Ignoring the bone-deep ache of battered muscles and broken skin, he crouched down in front of where John sat so that he could look up into his hanging face. John dropped a hand and returned the gaze, his own wet and wearisome. His emotions were run ragged—in the space of only a few short minutes, he had gone from dispassionately tending to Sherlock's own bodily afflictions to raging against him and then ultimately to profoundest sorrow. Sherlock's hand twitched, about to rest on John's knee, or touch his arm, or pull him into an embrace, but he refrained: John had a look of near panic about him, and touch of any sort had set him off before. Sherlock wouldn't risk it. Instead, he needed to get John to agree to doing what was best for his mind and body in that moment.

'You're exhausted,' he said. 'You need to lie down. Sleep.'

John's eyes flicked over to the sofa. 'I don't want—'

'In a proper bed. Tonight, at least.'

Now John's eyes found the door to the landing, beyond which lay the stairs to his room. His eyes filled with dread and he began to shake his head, but Sherlock finished, 'Take mine. For tonight. Besides, I'm awake now. I'm going to stay here and revise your work. We can compare notes in the morning.'

Rather than wait for a response—a refusal or a debate—he arose and indicated that John should follow. To his relief, he did. He walked forward with a shuffle, breathing haltingly through his nose, almost gasping. In the hallway, Sherlock stood aside to let John pass into his darkened bedroom and crawl into his bed to settle beneath the covers. He became still almost instantly, but Sherlock watched a few moments longer, just to make sure. He left the door open and the hall light on. As the night wore on and shifted to day, he would check on him, every hour or two, but John, who would sleep for twelve straight hours, wouldn't move an inch.

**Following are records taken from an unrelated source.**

lemma (in prob_space) integrable_sum_indicator:
  fixes E :: "'i \<Rightarrow> 'a set"
  assumes "\<And>i. i \<in> I \<Longrightarrow> E i \<in> events"
  shows "integrable M (\<lambda>\<omega>. \<Sum>i\<in>I. indicator (E i) \<omega> :: real)"
  using assms
  by (auto simp: integrable_indicator_iff Int_absorb2 emeasure_finite less_top[symmetric]
      intro!: Bochner_Integration.integrable_sum)

lemma (in prob_space) expectation_sum_indicator:
  fixes E :: "'i \<Rightarrow> 'a set"
  assumes "finite I" "\<And>i. i \<in> I \<Longrightarrow> E i \<in> events"
  shows "expectation (\<lambda>\<omega>. \<Sum>i\<in>I. indicator (E i) \<omega> :: real) = (\<Sum>i\<in>I. prob (E i))"
  using assms
  by (simp add: Bochner_Integration.integral_sum integrable_indicator_iff Int_absorb2
      emeasure_finite less_top[symmetric])

lemma sum_indicator_squared:
  "(\<Sum>i\<in>I. indicator (E i) \<omega> :: real)\<^sup>2 = (\<Sum>i\<in>I. \<Sum>j\<in>I. indicator (E i \<inter> E j) \<omega>)"
  by (simp add: power2_eq_square sum_product indicator_inter_arith)

lemma (in prob_space) integrable_sum_indicator_squared:
  fixes E :: "'i \<Rightarrow> 'a set"
  assumes "\<And>i. i \<in> I \<Longrightarrow> E i \<in> events"
  shows "integrable M (\<lambda>\<omega>. (\<Sum>i\<in>I. indicator (E i) \<omega> :: real)\<^sup>2)"
  unfolding sum_indicator_squared
  by (rule Bochner_Integration.integrable_sum, rule integrable_sum_indicator) (use assms in auto)

lemma (in prob_space) variance_sum_indicator_le:
  fixes E :: "'i \<Rightarrow> 'a set" and R :: "'i \<Rightarrow> 'i \<Rightarrow> bool"
  assumes "finite I" and E: "\<And>i. i \<in> I \<Longrightarrow> E i \<in> events"
    and indep: "\<And>i j. i \<in> I \<Longrightarrow> j \<in> I \<Longrightarrow> \<not> R i j \<Longrightarrow> prob (E i \<inter> E j) = prob (E i) * prob (E j)"
  shows "variance (\<lambda>\<omega>. \<Sum>i\<in>I. indicator (E i) \<omega> :: real) \<le> card {(i, j) \<in> I \<times> I. R i j}"
proof -
  let ?S = "\<lambda>\<omega>. \<Sum>i\<in>I. indicator (E i) \<omega> :: real"
  have "expectation (\<lambda>\<omega>. (?S \<omega>)\<^sup>2) = (\<Sum>i\<in>I. expectation (\<lambda>\<omega>. \<Sum>j\<in>I. indicator (E i \<inter> E j) \<omega>))"
    unfolding sum_indicator_squared using E
    by (intro Bochner_Integration.integral_sum integrable_sum_indicator) auto
  also have "\<dots> = (\<Sum>i\<in>I. \<Sum>j\<in>I. prob (E i \<inter> E j))"
    using E \<open>finite I\<close> by (intro sum.cong refl expectation_sum_indicator) auto
  finally have "variance ?S = (\<Sum>i\<in>I. \<Sum>j\<in>I. prob (E i \<inter> E j)) - (\<Sum>i\<in>I. prob (E i))\<^sup>2"
    using E \<open>finite I\<close>
    by (subst variance_eq) (simp_all add: integrable_sum_indicator
        integrable_sum_indicator_squared expectation_sum_indicator)
  also have "\<dots> = (\<Sum>i\<in>I. \<Sum>j\<in>I. prob (E i \<inter> E j) - prob (E i) * prob (E j))"
    by (simp add: power2_eq_square sum_product sum_subtractf)
  also have "\<dots> \<le> (\<Sum>i\<in>I. \<Sum>j\<in>I. if R i j then 1 else 0)"
  proof (intro sum_mono)
    fix i j assume "i \<in> I" "j \<in> I"
    have "prob (E i \<inter> E j) \<le> 1" "0 \<le> prob (E i) * prob (E j)" by simp_all
    then have "prob (E i \<inter> E j) - prob (E i) * prob (E j) \<le> 1" by linarith
    then show "prob (E i \<inter> E j) - prob (E i) * prob (E j) \<le> (if R i j then 1 else 0)"
      using indep \<open>i \<in> I\<close> \<open>j \<in> I\<close> by auto
  qed
  also have "\<dots> = (\<Sum>i\<in>I. card {j \<in> I. R i j})"
    using \<open>finite I\<close> by (simp add: sum.If_cases Int_def)
  also have "\<dots> = card (SIGMA i:I. {j \<in> I. R i j})"
    using \<open>finite I\<close> by (simp add: card_SigmaI)
  also have "(SIGMA i:I. {j \<in> I. R i j}) = {(i, j) \<in> I \<times> I. R i j}"
    by auto
  finally show ?thesis .
qed

lemma (in prob_space) prob_deviation_ge_le:
  fixes Y :: "'a \<Rightarrow> real"
  assumes "random_variable borel Y" "integrable M (\<lambda>\<omega>. (Y \<omega>)\<^sup>2)"
    and var: "variance Y \<le> C * n * sqrt n" and "n > 0" "a > 0"
  shows "prob {\<omega> \<in> space M. \<bar>Y \<omega> - expectation Y\<bar> \<ge> a * n} \<le> C / (a\<^sup>2 * sqrt n)"
proof -
  have "prob {\<omega> \<in> space M. \<bar>Y \<omega> - expectation Y\<bar> \<ge> a * n} \<le> variance Y / (a * n)\<^sup>2"
    using assms by (intro Chebyshev_inequality) auto
  also have "\<dots> \<le> C * n * sqrt n / (a * n)\<^sup>2"
    using var by (intro divide_right_mono) auto
  also have "\<dots> = C / (a\<^sup>2 * sqrt n)"
  proof -
    have "sqrt n > 0" "n = (sqrt n)\<^sup>2" using \<open>n > 0\<close> by simp_all
    then show ?thesis
      using \<open>a > 0\<close> by (subst (1 2) \<open>n = (sqrt n)\<^sup>2\<close>) (simp add: field_simps power2_eq_square)
  qed
  finally show ?thesis .
qed

lemma (in prob_space) AE_deviation_along_fourth_powers:
  fixes X :: "nat \<Rightarrow> 'a \<Rightarrow> real" and C :: real
  assumes [measurable]: "\<And>N. X N \<in> borel_measurable M"
    and int: "\<And>N. integrable M (\<lambda>\<omega>. (X N \<omega>)\<^sup>2)"
    and var: "\<And>N. variance (X N) \<le> C * N * sqrt N"
  shows "AE \<omega> in M. (\<lambda>k. (X (k ^ 4) \<omega> - expectation (X (k ^ 4))) / real k ^ 4) \<longlonglongrightarrow> 0"
proof -
  define B where "B r k =
    {\<omega> \<in> space M. \<bar>X (k ^ 4) \<omega> - expectation (X (k ^ 4))\<bar> \<ge> inverse (Suc r) * real (k ^ 4)}"
    for r k :: nat
  \<comment> \<open>along \<open>N = k ^ 4\<close> the Chebyshev bounds \<open>C (r + 1)\<^sup>2 / k\<^sup>2\<close> are summable\<close>
  have "summable (\<lambda>k. prob (B r k))" for r
  proof (rule summable_comparison_test')
    show "summable (\<lambda>k. C * real (Suc r) ^ 2 * inverse (real k ^ 2))"
      by (intro summable_mult inverse_power_summable) simp
    have "sqrt (real (k ^ 4)) = real k ^ 2" for k
      by (rule real_sqrt_unique) simp_all
    then show "norm (prob (B r k)) \<le> C * real (Suc r) ^ 2 * inverse (real k ^ 2)" if "k \<ge> 1" for k
      using prob_deviation_ge_le[OF _ int var, of "k ^ 4" "inverse (Suc r)"] that
      unfolding B_def by (simp add: field_simps)
  qed
  then have "AE \<omega> in M. eventually (\<lambda>k. \<omega> \<in> space M - B r k) sequentially" for r
    by (intro borel_cantelli_AE1) (auto simp: B_def emeasure_finite less_top[symmetric])
  then have "AE \<omega> in M. \<forall>r. eventually (\<lambda>k. \<omega> \<in> space M - B r k) sequentially"
    by (simp add: AE_all_countable)
  then show ?thesis
  proof eventually_elim
    case (elim \<omega>)
    show ?case
    proof (rule tendsto_zero_if_eventually_abs_less_inverse_Suc)
      fix r
      from elim[rule_format, of r] eventually_gt_at_top[of 0]
      show "eventually (\<lambda>k. \<bar>(X (k ^ 4) \<omega> - expectation (X (k ^ 4))) / real k ^ 4\<bar>
          < inverse (Suc r)) sequentially"
        by eventually_elim (simp add: B_def abs_divide divide_less_eq not_le)
    qed
  qed
qed

lemma (in prob_space) AE_frequency_tendsto:
  fixes E :: "nat \<Rightarrow> 'a set" and \<mu> C :: real
  assumes E: "\<And>i. E i \<in> events"
    and mean: "(\<lambda>N. (\<Sum>i=1..N. prob (E i)) / N) \<longlonglongrightarrow> \<mu>"
    and var: "\<And>N. variance (\<lambda>\<omega>. \<Sum>i=1..N. indicator (E i) \<omega>) \<le> C * N * sqrt N"
  shows "AE \<omega> in M. (\<lambda>N. card {i \<in> {1..N}. \<omega> \<in> E i} / N) \<longlonglongrightarrow> \<mu>"
proof -
  define S where "S N = (\<lambda>\<omega>. \<Sum>i=1..N. indicator (E i) \<omega> :: real)" for N
  have S_card: "S N \<omega> = card {i \<in> {1..N}. \<omega> \<in> E i}" for N \<omega>
    unfolding S_def indicator_def by (simp add: sum.If_cases Int_def)
  have dev: "AE \<omega> in M. (\<lambda>k. (S (k ^ 4) \<omega> - expectation (S (k ^ 4))) / real k ^ 4) \<longlonglongrightarrow> 0"
  proof (rule AE_deviation_along_fourth_powers)
    show "S N \<in> borel_measurable M" for N
      unfolding S_def using E by measurable
    show "integrable M (\<lambda>\<omega>. (S N \<omega>)\<^sup>2)" for N
      unfolding S_def using E by (rule integrable_sum_indicator_squared)
  qed (use var in \<open>simp add: S_def\<close>)
  have mean4: "(\<lambda>k. expectation (S (k ^ 4)) / real k ^ 4) \<longlonglongrightarrow> \<mu>"
  proof -
    have "strict_mono (\<lambda>k::nat. k ^ 4)"
      by (intro strict_monoI power_strict_mono) auto
    from LIMSEQ_subseq_LIMSEQ[OF mean this] show ?thesis
      using E by (simp add: S_def expectation_sum_indicator o_def)
  qed
  from dev show ?thesis
  proof eventually_elim
    case (elim \<omega>)
    have "(\<lambda>k. S (k ^ 4) \<omega> / real k ^ 4) \<longlonglongrightarrow> 0 + \<mu>"
      using tendsto_add[OF elim mean4] by (simp add: diff_divide_distrib)
    then have "(\<lambda>N. S N \<omega> / N) \<longlonglongrightarrow> \<mu>"
      by (intro tendsto_div_of_mono_power_subseq[of "\<lambda>N. S N \<omega>" 4])
        (auto simp: S_card mono_def intro!: card_mono)
    then show ?case by (simp add: S_card)
  qed
qed

section \<open>Fair coins\<close>

definition coins :: "(nat \<Rightarrow> bool) measure" where
  "coins = PiM UNIV (\<lambda>_. measure_pmf (bernoulli_pmf (1 / 2)))"

interpretation coins: prob_space coins
  unfolding coins_def by (intro prob_space_PiM prob_space_measure_pmf)

lemma space_coins [simp]: "space coins = UNIV"
  by (simp add: coins_def space_PiM)

definition pattern_event :: "('i \<Rightarrow> nat) \<Rightarrow> ('i \<Rightarrow> bool) \<Rightarrow> 'i set \<Rightarrow> (nat \<Rightarrow> bool) set" where
  "pattern_event f g T = {\<omega>. \<forall>t\<in>T. \<omega> (f t) = g t}"

lemma pattern_event_in_coins [measurable]:
  assumes "finite T"
  shows "pattern_event f g T \<in> coins.events"
proof -
  have "Measurable.pred coins (\<lambda>\<omega>. \<forall>t\<in>T. \<omega> (f t) = g t)"
    using assms unfolding coins_def by measurable
  then show ?thesis by (simp add: pred_def pattern_event_def)
qed

lemma pattern_event_eq_cylinder:
  assumes "\<And>t t'. t \<in> T \<Longrightarrow> t' \<in> T \<Longrightarrow> f t = f t' \<Longrightarrow> g t = g t'"
  shows "pattern_event f g T = pattern_event id (\<lambda>a. \<exists>t\<in>T. f t = a \<and> g t) (f ` T)"
proof -
  have "(\<exists>t'\<in>T. f t' = f t \<and> g t') = g t" if "t \<in> T" for t
    using assms that by blast
  then show ?thesis by (simp add: pattern_event_def)
qed

lemma pattern_event_eq_empty:
  assumes "t \<in> T" "t' \<in> T" "f t = f t'" "g t \<noteq> g t'"
  shows "pattern_event f g T = {}"
proof -
  have False if "\<forall>t\<in>T. \<omega> (f t) = g t" for \<omega>
    using that assms by metis
  then show ?thesis unfolding pattern_event_def by blast
qed

lemma prob_coins_cylinder:
  assumes "finite F"
  shows "coins.prob (pattern_event id v F) = (1 / 2) ^ card F"
proof -
  interpret product_prob_space "\<lambda>_::nat. measure_pmf (bernoulli_pmf (1 / 2))" UNIV
    by unfold_locales
  have "emeasure coins {\<omega> \<in> space coins. \<forall>a\<in>F. \<omega> a \<in> {v a}} =
      (\<Prod>a\<in>F. emeasure (measure_pmf (bernoulli_pmf (1 / 2))) {v a})"
    unfolding coins_def using assms by (intro emeasure_PiM_Collect) auto
  also have "\<dots> = (\<Prod>a\<in>F. ennreal (1 / 2))"
    by (intro prod.cong refl)
      (simp add: emeasure_pmf_single pmf_bernoulli_False split: bool.split)
  also have "\<dots> = ennreal ((1 / 2) ^ card F)"
    by (subst prod_ennreal) auto
  finally have "ennreal (coins.prob (pattern_event id v F)) = ennreal ((1 / 2) ^ card F)"
    by (simp add: coins.emeasure_eq_measure pattern_event_def)
  then show ?thesis by simp
qed

lemma prob_coins_cylinder_Int:
  assumes "finite F" "finite G" "F \<inter> G = {}"
  shows "coins.prob (pattern_event id u F \<inter> pattern_event id v G) =
    coins.prob (pattern_event id u F) * coins.prob (pattern_event id v G)"
proof -
  have "pattern_event id u F \<inter> pattern_event id v G =
      pattern_event id (\<lambda>a. if a \<in> F then u a else v a) (F \<union> G)"
    using assms(3) by (auto simp: pattern_event_def)
  then show ?thesis
    using assms by (simp add: prob_coins_cylinder card_Un_disjoint power_add)
qed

Sherlock returned to the sitting room. His plan to keep working quickly evaporated. Tiredness overcame him, too. So he turned down the lamps and stretched himself out on the sofa, gingerly turning onto his side, per doctor's orders, where he felt the pressure in his fractured rib but also relief in his breathing. He hoped for dreamless sleep, or, at the very least, sleep without the reminder of how he had betrayed his best friend, or the fear that someday he would do it again.